Brucella is a pathogen of cattle, sheep, pigs and other animals. Humans are very susceptible to Brucella, and the clinical manifestations are intermittent fever, so it is also called wave heat. After the disease, lectin, precipitin, opsonin, complement-binding antibody, and blood antibody appear in the body fluid, so it is often diagnosed by serological methods. Brucella, which harms humans and domestic animals, mainly includes Maltese (sheep) Brucella, aborted (bovine) Brucella and Porcine Brucella, all of which contain different proportions of M (Maltese) and A ( Abortion) two bacterial antigens. It is usually only necessary to use one Brucella to detect any of the three Brucella antibodies. In addition, Brucella still has a surface antigen that can cross-aggregate with the serum of patients with Tular (Hair fever), cholera, and colitis, so the value of agglutination is not as reliable as the Ferda test. The specificity of the complement fixation assay is higher, but the antibody (mainly IgG) appears later and has a long maintenance time, which is of great significance for the diagnosis of chronic brucellosis.Basic Information
Specialist classification: Infectious disease inspection and classification: pathogenic microorganism inspection
Applicable gender: whether men and women apply fasting: not fastingAnalysis results:
Negative below normal, indicating not infected with Brucella.
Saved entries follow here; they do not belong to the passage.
lemma abs_ecdf_perturb_le:
  assumes "\<And>i. \<bar>r i - q i\<bar> \<le> d i"
  shows "\<bar>ecdf n r s - F s\<bar> \<le> \<bar>ecdf n q (s + e) - F (s + e)\<bar> + \<bar>ecdf n q (s - e) - F (s - e)\<bar>
    + card {i. i < n \<and> e < d i} / n + \<bar>F (s + e) - F s\<bar> + \<bar>F (s - e) - F s\<bar>"
proof -
  have "ecdf n r s \<le> ecdf n q (s + e) + card {i. i < n \<and> e < d i} / n"
    using assms by (rule ecdf_perturb)
  moreover have "ecdf n q (s - e) \<le> ecdf n r s + card {i. i < n \<and> e < d i} / n"
    using ecdf_perturb[of q r d n "s - e" e] assms by (simp add: abs_minus_commute)
  ultimately show ?thesis
    by linarith
qed

lemma ecdf_attained_at_sample:
  assumes "0 < ecdf n r t"
  obtains i where "i < n" "r i \<le> t" "ecdf n r (r i) = ecdf n r t"
proof -
  define I where "I = {i. i < n \<and> r i \<le> t}"
  have "I \<noteq> {}"
  proof
    assume "I = {}"
    then show False
      using assms unfolding ecdf_def I_def[symmetric] by simp
  qed
  moreover have "finite I"
    unfolding I_def by simp
  ultimately have "Max (r ` I) \<in> r ` I"
    by (intro Max_in) auto
  then obtain i where "i \<in> I" and i: "r i = Max (r ` I)"
    by (metis imageE)
  have "{j. j < n \<and> r j \<le> r i} = I"
  proof
    show "{j. j < n \<and> r j \<le> r i} \<subseteq> I"
      using \<open>i \<in> I\<close> unfolding I_def by auto
    show "I \<subseteq> {j. j < n \<and> r j \<le> r i}"
      using \<open>finite I\<close> unfolding i by (auto simp: I_def)
  qed
  then have "ecdf n r (r i) = ecdf n r t"
    unfolding ecdf_def I_def by simp
  with \<open>i \<in> I\<close> show thesis
    using that unfolding I_def by blast
qed

lemma quantile_ecdf:
  assumes "0 < n" "0 < p" "p \<le> 1"
  shows "p \<le> ecdf n r (quantile (ecdf n r) p)"
    and "\<And>t. p \<le> ecdf n r t \<Longrightarrow> quantile (ecdf n r) p \<le> t"
proof -
  define V where "V = {t \<in> r ` {..<n}. p \<le> ecdf n r t}"
  define v where "v = Min V"
  have "Max (r ` {..<n}) \<in> V"
  proof -
    have "{i. i < n \<and> r i \<le> Max (r ` {..<n})} = {..<n}"
      by auto
    then show ?thesis
      using assms by (auto simp: V_def ecdf_def intro!: Max_in)
  qed
  then have "finite V" "V \<noteq> {}"
    unfolding V_def by auto
  have below: "v \<le> t" if "p \<le> ecdf n r t" for t
  proof -
    have "0 < ecdf n r t"
      using \<open>0 < p\<close> that by linarith
    then obtain i where "i < n" "r i \<le> t" "ecdf n r (r i) = ecdf n r t"
      by (rule ecdf_attained_at_sample)
    then have "r i \<in> V"
      using that unfolding V_def by auto
    then show ?thesis
      unfolding v_def using \<open>finite V\<close> \<open>r i \<le> t\<close> by (meson Min_le order.trans)
  qed
  have "v \<in> V"
    unfolding v_def using \<open>finite V\<close> \<open>V \<noteq> {}\<close> by simp
  have "quantile (ecdf n r) p = v"
    unfolding quantile_def
  proof (rule cInf_eq_minimum)
    show "v \<in> {t. p \<le> ecdf n r t}"
      using \<open>v \<in> V\<close> unfolding V_def by blast
  qed (use below in blast)
  with \<open>v \<in> V\<close> below show "p \<le> ecdf n r (quantile (ecdf n r) p)"
    and "\<And>t. p \<le> ecdf n r t \<Longrightarrow> quantile (ecdf n r) p \<le> t"
    unfolding V_def by auto
qed

lemma abs_quantile_ecdf_le:
  fixes F :: "real \<Rightarrow> real"
  assumes F: "continuous_on UNIV F" and "0 < n" "0 < p" "p \<le> 1"
    and close: "\<And>t. \<bar>ecdf n r t - F t\<bar> \<le> c"
  shows "\<bar>F (quantile (ecdf n r) p) - p\<bar> \<le> c"
proof -
  define q where "q = quantile (ecdf n r) p"
  have "p - c \<le> F q"
    using quantile_ecdf(1)[OF assms(2-4), of r] close[of q] unfolding q_def by (simp add: abs_le_iff)
  moreover have "F q \<le> p + c"
  proof (rule tendsto_upperbound)
    show "(F \<longlongrightarrow> F q) (at_left q)"
      using F unfolding continuous_on_def by (auto intro: tendsto_mono[OF at_le])
    have le: "F t \<le> p + c" if "t < q" for t
    proof -
      have "ecdf n r t < p"
        using quantile_ecdf(2)[OF assms(2-4), of r t] that unfolding q_def by (meson not_le)
      then show ?thesis
        using close[of t] by (simp add: abs_le_iff)
    qed
    show "\<forall>\<^sub>F t in at_left q. F t \<le> p + c"
      using eventually_at_left_real[of "q - 1" q] by (simp add: eventually_mono le)
  qed simp
  ultimately show ?thesis
    unfolding q_def by (simp add: abs_le_iff)
qed

section \<open>Uniform approximation of a continuous distribution function\<close>

lemma mono_tendsto_bounds:
  fixes F :: "real \<Rightarrow> real"
  assumes "mono F" "(F \<longlongrightarrow> 0) at_bot" "(F \<longlongrightarrow> 1) at_top"
  shows "0 \<le> F t \<and> F t \<le> 1"
proof
  have "\<forall>\<^sub>F s in at_bot. F s \<le> F t"
    using eventually_le_at_bot[of t] by eventually_elim (rule monoD[OF assms(1)])
  then show "0 \<le> F t"
    using assms(2) by (intro tendsto_upperbound) auto
  have "\<forall>\<^sub>F s in at_top. F t \<le> F s"
    using eventually_ge_at_top[of t] by eventually_elim (rule monoD[OF assms(1)])
  then show "F t \<le> 1"
    using assms(3) by (intro tendsto_lowerbound) auto
qed

lemma distribution_function_limits:
  fixes f :: "'a \<Rightarrow> real"
  assumes "prob_space M" "f \<in> borel_measurable M" "\<And>t. F t = measure M {x \<in> space M. f x \<le> t}"
  shows "mono F" "(F \<longlongrightarrow> 0) at_bot" "(F \<longlongrightarrow> 1) at_top"
proof -
  interpret real_distribution "distr M borel f"
    using assms(1,2) by (simp add: prob_space.real_distribution_distr)
  have "F t = cdf (distr M borel f) t" for t
    using assms(2,3) unfolding cdf_def
    by (subst measure_distr) (auto simp: vimage_def Int_def conj_commute)
  then have "F = cdf (distr M borel f)"
    by blast
  then show "mono F" "(F \<longlongrightarrow> 0) at_bot" "(F \<longlongrightarrow> 1) at_top"
    by (auto intro: monoI cdf_nondecreasing cdf_lim_at_bot cdf_lim_at_top_prob)
qed

lemma grid_bracket:
  fixes a h t :: real
  assumes "0 < h" "a \<le> t" "t < a + real K * h"
  obtains j where "j < K" "a + real j * h \<le> t" "t < a + real (Suc j) * h"
proof
  define j where "j = nat \<lfloor>(t - a) / h\<rfloor>"
  have "real j \<le> (t - a) / h" "(t - a) / h < real j + 1"
    unfolding j_def using assms by (simp_all add: divide_nonneg_pos)
  then show "a + real j * h \<le> t" "t < a + real (Suc j) * h"
    using \<open>0 < h\<close> by (simp_all add: field_simps)
  have "(t - a) / h < real K"
    using assms by (simp add: field_simps)
  with \<open>real j \<le> (t - a) / h\<close> show "j < K"
    by linarith
qed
A positive above normal indicates a possible infection with Brucella.
Negative means not infected with Brucella.
A positive indication may be infected with Brucella.
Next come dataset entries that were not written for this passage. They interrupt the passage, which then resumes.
lemma quadratic_area_equiv_in_simplex:
  assumes sc: "simplicial_complex \<Delta>" and "\<sigma> \<in> \<Delta>" "a \<in> \<sigma>" "b \<in> \<sigma>" "set ws \<subseteq> \<sigma>"
  shows "quadratic_area_equiv \<Delta> (2 * length ws) (a # ws @ [b]) [a, b]"
  using assms(3,5)
proof (induction ws arbitrary: a)
  case (Cons w ws)
  have "quadratic_area_equiv \<Delta> (2 * length ws) ([a] @ (w # ws @ [b]) @ []) ([a] @ [w, b] @ [])"
    by (rule quadratic_area_equiv_context) (use Cons in auto)
  moreover have "quadratic_area_equiv \<Delta> 2 [a, w, b] [a, b]"
    by (rule quadratic_area_equiv_triangle[OF sc simplicial_complex_face[OF sc assms(2)]])
      (use Cons assms in auto)
  ultimately show ?case using quadratic_area_equiv_trans by fastforce
qed (simp add: quadratic_area_equiv_refl)

lemma quadratic_area_equiv_square:
  assumes sc: "simplicial_complex \<Delta>" and "{a, b, c, d} \<in> \<Delta>"
  shows "quadratic_area_equiv \<Delta> 4 (us @ [d, a, b] @ ws) (us @ [d, c, b] @ ws)"
proof -
  have "quadratic_area_equiv \<Delta> 2 [d, a, b] [d, b]" and "quadratic_area_equiv \<Delta> 2 [d, c, b] [d, b]"
    by (rule quadratic_area_equiv_triangle[OF sc simplicial_complex_face[OF sc assms(2)]]; auto)+
  then have "quadratic_area_equiv \<Delta> (2 + 2) [d, a, b] [d, c, b]"
    by (blast intro: quadratic_area_equiv_trans quadratic_area_equiv_sym)
  then show ?thesis by (intro quadratic_area_equiv_context) auto
qed

lemma quadratic_area_equiv_grid_row:
  fixes V :: "nat \<Rightarrow> nat \<Rightarrow> 'v::finite"
  assumes sc: "simplicial_complex \<Delta>"
    and sq: "\<And>j. j < M \<Longrightarrow> {V i j, V i (Suc j), V (Suc i) j, V (Suc i) (Suc j)} \<in> \<Delta>"
    and "V i 0 = q" "V (Suc i) 0 = q" "V i M = q" "V (Suc i) M = q"
  shows "quadratic_area_equiv \<Delta> (4 * M) (map (V i) [0..<Suc M]) (map (V (Suc i)) [0..<Suc M])"
proof -
  define X where "X j = map (V (Suc i)) [0..<Suc j] @ map (V i) [j..<Suc M]" for j
  have sweep: "quadratic_area_equiv \<Delta> (4 * j) (X 0) (X j)" if "j \<le> M" for j
    using that
  proof (induction j)
    case (Suc j)
    then have j: "j < M" by simp
    let ?us = "map (V (Suc i)) [0..<j]" and ?ws = "map (V i) [Suc (Suc j)..<Suc M]"
    have "[j..<Suc M] = j # Suc j # [Suc (Suc j)..<Suc M]" "[Suc j..<Suc M] = Suc j # [Suc (Suc j)..<Suc M]"
      using j by (simp_all add: upt_conv_Cons del: upt_Suc)
    then have "X j = ?us @ [V (Suc i) j, V i j, V i (Suc j)] @ ?ws"
      and "X (Suc j) = ?us @ [V (Suc i) j, V (Suc i) (Suc j), V i (Suc j)] @ ?ws"
      by (simp_all add: X_def)
    moreover have "{V i j, V i (Suc j), V (Suc i) (Suc j), V (Suc i) j} \<in> \<Delta>"
      using sq[OF j] by (simp add: insert_commute)
    ultimately have "quadratic_area_equiv \<Delta> 4 (X j) (X (Suc j))"
      using quadratic_area_equiv_square[OF sc] by presburger
    with Suc.IH j have "quadratic_area_equiv \<Delta> (4 * j + 4) (X 0) (X (Suc j))"
      using quadratic_area_equiv_trans less_imp_le by blast
    then show ?case by (simp add: add.commute)
  qed (simp add: quadratic_area_equiv_refl)
  have "map (V i) [0..<Suc M] = [] @ q # map (V i) [Suc 0..<Suc M]"
    and "X 0 = [] @ q # q # map (V i) [Suc 0..<Suc M]"
    using assms(3,4) by (simp_all add: X_def upt_conv_Cons del: upt_Suc)
  then have start: "quadratic_area_equiv \<Delta> 0 (map (V i) [0..<Suc M]) (X 0)"
    by (intro quadratic_area_equiv_if_vertex_word_eq) (simp only: vertex_word_stutter)
  have "X M = map (V (Suc i)) [0..<M] @ q # q # []"
    and "map (V (Suc i)) [0..<Suc M] = map (V (Suc i)) [0..<M] @ q # []"
    using assms(5,6) by (simp_all add: X_def)
  then have finish: "quadratic_area_equiv \<Delta> 0 (X M) (map (V (Suc i)) [0..<Suc M])"
    by (intro quadratic_area_equiv_if_vertex_word_eq) (simp only: vertex_word_stutter)
  show ?thesis
    using quadratic_area_equiv_trans[OF quadratic_area_equiv_trans[OF start sweep[OF order_refl]] finish]
    by simp
qed

lemma vertex_word_replicate: "vertex_word \<Delta> n (replicate k q) = []"
proof (induction k)
  case (Suc k)
  then show ?case by (cases k) (auto simp: Pair_in_Edge_iff)
qed simp

lemma quadratic_area_equiv_grid:
  fixes V :: "nat \<Rightarrow> nat \<Rightarrow> 'v::finite"
  assumes sc: "simplicial_complex \<Delta>"
    and sq: "\<And>i j. i < M \<Longrightarrow> j < M \<Longrightarrow> {V i j, V i (Suc j), V (Suc i) j, V (Suc i) (Suc j)} \<in> \<Delta>"
    and left: "\<And>i. i \<le> M \<Longrightarrow> V i 0 = q" and right: "\<And>i. i \<le> M \<Longrightarrow> V i M = q"
    and top: "\<And>j. j \<le> M \<Longrightarrow> V M j = q"
  shows "quadratic_area_equiv \<Delta> (4 * M * M) (map (V 0) [0..<Suc M]) [q]"
proof -
  have rows: "quadratic_area_equiv \<Delta> (4 * M * i) (map (V 0) [0..<Suc M]) (map (V i) [0..<Suc M])"
    if "i \<le> M" for i
    using that
  proof (induction i)
    case (Suc i)
    have "quadratic_area_equiv \<Delta> (4 * M) (map (V i) [0..<Suc M]) (map (V (Suc i)) [0..<Suc M])"
      by (rule quadratic_area_equiv_grid_row[OF sc, where q = q]) (use Suc.prems sq left right in auto)
    with Suc show ?case using quadratic_area_equiv_trans by (fastforce simp: algebra_simps)
  qed (simp add: quadratic_area_equiv_refl)
  have "map (V M) [0..<Suc M] = replicate (Suc M) q"
    by (rule nth_equalityI) (use top in \<open>auto simp del: upt_Suc replicate_Suc\<close>)
  then have "quadratic_area_equiv \<Delta> 0 (map (V M) [0..<Suc M]) [q]"
    by (intro quadratic_area_equiv_if_vertex_word_eq)
      (metis replicate_Suc replicate_empty vertex_word_replicate)
  with rows[OF order_refl] show ?thesis using quadratic_area_equiv_trans by fastforce
qed

lemma upt_Suc_mult_split:
  "0 < r \<Longrightarrow> [0..<Suc (Suc k * r)] = [0..<Suc (k * r)] @ [Suc (k * r)..<Suc k * r] @ [Suc k * r]"
  using upt_add_eq_append[of 0 "Suc (k * r)" "r - 1"] by (simp add: add.commute)

lemma quadratic_area_equiv_subdivision:
  fixes f :: "nat \<Rightarrow> 'v::finite"
  assumes sc: "simplicial_complex \<Delta>" and r: "0 < r" and "vs \<noteq> []"
    and edges: "\<And>k. Suc k < length vs \<Longrightarrow> {vs ! k, vs ! Suc k} \<in> \<Delta>"
    and nodes: "\<And>k. k < length vs \<Longrightarrow> f (k * r) = vs ! k"
    and between: "\<And>k j. Suc k < length vs \<Longrightarrow> k * r \<le> j \<Longrightarrow> j \<le> Suc k * r \<Longrightarrow> f j \<in> {vs ! k, vs ! Suc k}"
  shows "quadratic_area_equiv \<Delta> (2 * r * (length vs - 1)) (map f [0..<Suc ((length vs - 1) * r)]) vs"
proof -
  have "quadratic_area_equiv \<Delta> (2 * r * k) (map f [0..<Suc (k * r)]) (take (Suc k) vs)"
    if "k < length vs" for k
    using that
  proof (induction k)
    case 0
    then show ?case using nodes[of 0] by (simp add: take_Suc_conv_app_nth quadratic_area_equiv_refl)
  next
    case (Suc k)
    let ?a = "vs ! k" and ?b = "vs ! Suc k"
    let ?us = "map f [0..<k * r]" and ?ws = "map f [Suc (k * r)..<Suc k * r]"
    have whole: "map f [0..<Suc (Suc k * r)] = ?us @ (?a # ?ws @ [?b]) @ []"
      using upt_Suc_mult_split[OF r, of k] nodes[of k] nodes[of "Suc k"] Suc.prems by simp
    have init: "map f [0..<Suc (k * r)] = ?us @ [?a]"
      using nodes[of k] Suc.prems by simp
    have "set ?ws \<subseteq> {?a, ?b}"
    proof
      fix v assume "v \<in> set ?ws"
      then obtain j where "v = f j" "k * r \<le> j" "j \<le> Suc k * r" by auto
      then show "v \<in> {?a, ?b}" using between[OF Suc.prems] by blast
    qed
    then have "quadratic_area_equiv \<Delta> (2 * (r - 1)) (?a # ?ws @ [?b]) [?a, ?b]"
      using quadratic_area_equiv_in_simplex[OF sc edges[OF Suc.prems], of ?a ?b ?ws] by simp
    then have 1: "quadratic_area_equiv \<Delta> (2 * (r - 1)) (map f [0..<Suc (Suc k * r)]) (?us @ [?a, ?b])"
      unfolding whole using quadratic_area_equiv_context[of \<Delta> _ _ _ ?us "[]"] by simp
    have "hd (?us @ [?a]) = vs ! 0"
      unfolding init[symmetric] using nodes[of 0] \<open>vs \<noteq> []\<close> by (simp add: hd_map del: upt_Suc)
    moreover have "take (Suc k) vs = take k vs @ [?a]"
      using Suc.prems by (simp add: take_Suc_conv_app_nth)
    moreover have "hd (take (Suc k) vs) = vs ! 0"
      using \<open>vs \<noteq> []\<close> by (simp add: hd_conv_nth)
    ultimately have "quadratic_area_equiv \<Delta> (2 * r * k) ([] @ (?us @ [?a]) @ [?b]) ([] @ take (Suc k) vs @ [?b])"
      using Suc.IH Suc.prems init by (intro quadratic_area_equiv_context) simp_all
    then have 2: "quadratic_area_equiv \<Delta> (2 * r * k) (?us @ [?a, ?b]) (take (Suc (Suc k)) vs)"
      using Suc.prems by (simp add: take_Suc_conv_app_nth)
    have "quadratic_area_equiv \<Delta> (2 * (r - 1) + 2 * r * k) (map f [0..<Suc (Suc k * r)]) (take (Suc (Suc k)) vs)"
      by (rule quadratic_area_equiv_trans[OF 1 2])
    then show ?case by (rule quadratic_area_equiv_mono) (simp add: algebra_simps)
  qed
  from this[of "length vs - 1"] show ?thesis using \<open>vs \<noteq> []\<close> by simp
qed

section \<open>Simplicial approximation of a null-homotopy\<close>

lemma convex_hull_axis_coordinates:
  fixes \<sigma> :: "'v::finite set" and x :: "real^'v"
  assumes "x \<in> convex hull ((\<lambda>v. axis v 1) ` \<sigma>)"
  shows "(\<forall>v. 0 \<le> x $ v) \<and> (\<Sum>v\<in>UNIV. x $ v) = 1 \<and> (\<forall>v. v \<notin> \<sigma> \<longrightarrow> x $ v = 0)"
proof -
  define C where "C = {x::real^'v. (\<forall>v. 0 \<le> x $ v) \<and> (\<Sum>v\<in>UNIV. x $ v) = 1 \<and> (\<forall>v. v \<notin> \<sigma> \<longrightarrow> x $ v = 0)}"
  have "convex C"
  proof (rule convexI)
    fix x y :: "real^'v" and u v :: real
    assume "x \<in> C" "y \<in> C" "0 \<le> u" "0 \<le> v" "u + v = 1"
    then show "u *\<^sub>R x + v *\<^sub>R y \<in> C"
      by (auto simp: C_def sum.distrib simp flip: sum_distrib_left)
  qed
  moreover have "(\<lambda>v. axis v 1) ` \<sigma> \<subseteq> C" by (auto simp: C_def axis_def)
  ultimately have "convex hull ((\<lambda>v. axis v 1) ` \<sigma>) \<subseteq> C" by (rule hull_minimal[rotated])
  with assms have "x \<in> C" by blast
  then show ?thesis by (simp add: C_def)
qed

lemma realization_coordinates:
  assumes "x \<in> realization \<Delta>"
  shows "(\<forall>v. 0 \<le> x $ v) \<and> (\<Sum>v\<in>UNIV. x $ v) = 1 \<and> (\<exists>\<sigma>\<in>\<Delta>. \<forall>v. 0 < x $ v \<longrightarrow> v \<in> \<sigma>)"
proof -
  obtain \<sigma> where "\<sigma> \<in> \<Delta>" "x \<in> convex hull ((\<lambda>v. axis v 1) ` \<sigma>)"
    using assms by (auto simp: realization_def)
  moreover note convex_hull_axis_coordinates[OF this(2)]
  moreover from this have "\<forall>v. 0 < x $ v \<longrightarrow> v \<in> \<sigma>" by auto
  ultimately show ?thesis by blast
qed

text \<open>Some coordinate is at least the average \<open>1 / card UNIV\<close>; the choice is arbitrary but fixed.\<close>
definition dominant_vertex :: "real^'v::finite \<Rightarrow> 'v" where
  "dominant_vertex x = (SOME w. 1 / real CARD('v) \<le> x $ w)"

lemma dominant_vertex_ge:
  fixes x :: "real^'v::finite"
  assumes "(\<Sum>v\<in>UNIV. x $ v) = 1"
  shows "1 / real CARD('v) \<le> x $ dominant_vertex x"
  unfolding dominant_vertex_def
proof (rule someI_ex, rule ccontr)
  assume "\<nexists>w. 1 / real CARD('v) \<le> x $ w"
  then have "(\<Sum>v\<in>UNIV. x $ v) < (\<Sum>v\<in>(UNIV::'v set). 1 / real CARD('v))"
    by (intro sum_strict_mono) (auto simp: not_le)
  with assms show False by simp
qed

lemma dominant_vertex_pos:
  fixes x :: "real^'v::finite"
  shows "(\<Sum>v\<in>UNIV. x $ v) = 1 \<Longrightarrow> 0 < x $ dominant_vertex x"
  using dominant_vertex_ge[of x] by (smt (verit) of_nat_0_less_iff zero_less_card_finite zero_less_divide_1_iff)

lemma dominant_vertex_axis [simp]: "dominant_vertex (axis w 1 :: real^'v::finite) = w"
proof -
  have "(\<Sum>v\<in>UNIV. (axis w 1 :: real^'v) $ v) = 1" by (simp add: axis_def)
  from dominant_vertex_pos[OF this] show ?thesis by (simp add: axis_def split: if_splits)
qed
0 to 1:25.Clinical significance
> 1:25 is positive, brucellosis.High results may be diseases: positive results of brucellosis may be diseases: brucellosis considerations
Because of the simple operation of the serum agglutination test, the antibody (IgM) appears early and has high titer, and is still most commonly used in the serological diagnosis of brucellosis. There are two types of methods for serum agglutination test: tube dilution method and rapid slide method. Most of the current methods use the standardized antigen and tube agglutination test techniques recommended by the National Research Institute (NRC). Slide tests and other rapid tests can only be used for preliminary screening.
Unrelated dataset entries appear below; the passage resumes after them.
theorem mainTheorem6:
  fixes d :: nat and w :: "nat \<Rightarrow> real" and A B C :: "nat set"
  assumes "d \<ge> 3"
    and "\<forall>i\<in>{1..d}. w i > 0"
    and "A \<union> B \<union> C = {1..d}"
    and "A \<inter> B = {}" and "A \<inter> C = {}" and "B \<inter> C = {}"
    and "A \<noteq> {}" and "B \<noteq> {}" and "C \<noteq> {}"
    and "(\<Sum>i\<in>A. w i) + (\<Sum>i\<in>B. w i) + (\<Sum>i\<in>C. w i)
           \<ge> 2 * max (\<Sum>i\<in>A. w i) (max (\<Sum>i\<in>B. w i) (\<Sum>i\<in>C. w i))"
  shows "\<exists>M :: (nat \<Rightarrow> real) measure.
           prob_space M \<and>
           sets M = sets (PiM {1..d} (\<lambda>_. lborel)) \<and>
           (\<forall>i\<in>{1..d}. distr M lborel (\<lambda>x. x i) = uniform_measure lborel {0..1}) \<and>
           (AE x in M. (\<Sum>i=1..d. w i * x i) = (\<Sum>i=1..d. w i) / 2)"
proof -
  note partition = assms(3-6)
  define a b c where "a = (\<Sum>i\<in>A. w i)" and "b = (\<Sum>i\<in>B. w i)" and "c = (\<Sum>i\<in>C. w i)"
  have sub: "A \<subseteq> {1..d}" "B \<subseteq> {1..d}" "C \<subseteq> {1..d}"
    using partition(1) by auto
  then have finite: "finite A" "finite B" "finite C"
    by (auto intro: finite_subset)
  have "0 < a" "0 < b" "0 < c"
    unfolding a_def b_def c_def using finite sub assms(2,7-9) by (auto intro!: sum_pos)
  then interpret three_tents "b + c - a" "a + c - b" "a + b - c"
    by unfold_locales (use assms(10) in \<open>auto simp: a_def b_def c_def\<close>)
  define f where "f i = (if i \<in> A then X else if i \<in> B then Y else Z)" for i
  have f_measurable: "f i \<in> measurable unit_uniform lborel" for i
    unfolding f_def X_def Y_def Z_def by simp
  have parts: "(\<Sum>i\<in>A. w i * f i T) = a * X T" "(\<Sum>i\<in>B. w i * f i T) = b * Y T"
      "(\<Sum>i\<in>C. w i * f i T) = c * Z T" for T
    using partition(2-4) unfolding a_def b_def c_def f_def sum_distrib_right
    by (auto intro!: sum.cong)
  have weighted_sum:
    "(\<Sum>i=1..d. w i * (\<lambda>i\<in>{1..d}. f i T) i) = a * X T + b * Y T + c * Z T" for T
    unfolding partition(1)[symmetric] sum_union_disjoint3[OF finite partition(2-4)] parts[symmetric] by simp
  have total: "(\<Sum>i=1..d. w i) = a + b + c"
    unfolding partition(1)[symmetric] sum_union_disjoint3[OF finite partition(2-4)] a_def b_def c_def ..
  show ?thesis
  proof (rule unit_uniform_coupling)
    show "distr unit_uniform lborel (f i) = unit_uniform" for i
      unfolding f_def using distr_XYZ by simp
    show "AE T in unit_uniform.
        (\<Sum>i=1..d. w i * (\<lambda>i\<in>{1..d}. f i T) i) = (\<Sum>i=1..d. w i) / 2"
      using AE_weighted_sum_XYZ unfolding weighted_sum total
      by (rule eventually_mono) (simp add: field_simps)
  qed (use f_measurable in simp_all)
qed

end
1. <1:25:1:25 to 1:50 is suspicious;
2, 1:100 is weakly positive;
3, 1:200 ~ 1:400 is positive;
4, ≥ 1:800 is strongly positive.Inspection process
Fluorescein labeling, sectioning is routinely dewaxed to water. For antigen retrieval, after this step, buffer wash for 3min/2 times. To reduce non-specific background staining caused by endogenous peroxidase, the sections were incubated in HydrogenPeroxideBlock for 10-15 minutes. The buffer was washed 5 min/2 times, the UltraVBlock was added dropwise, and incubated for 5 minutes at room temperature to block non-specific background staining.Not suitable for the crowd
Those who do not have an indication for examination should not do this check.Adverse reactions and risks
Generally no complications and harm.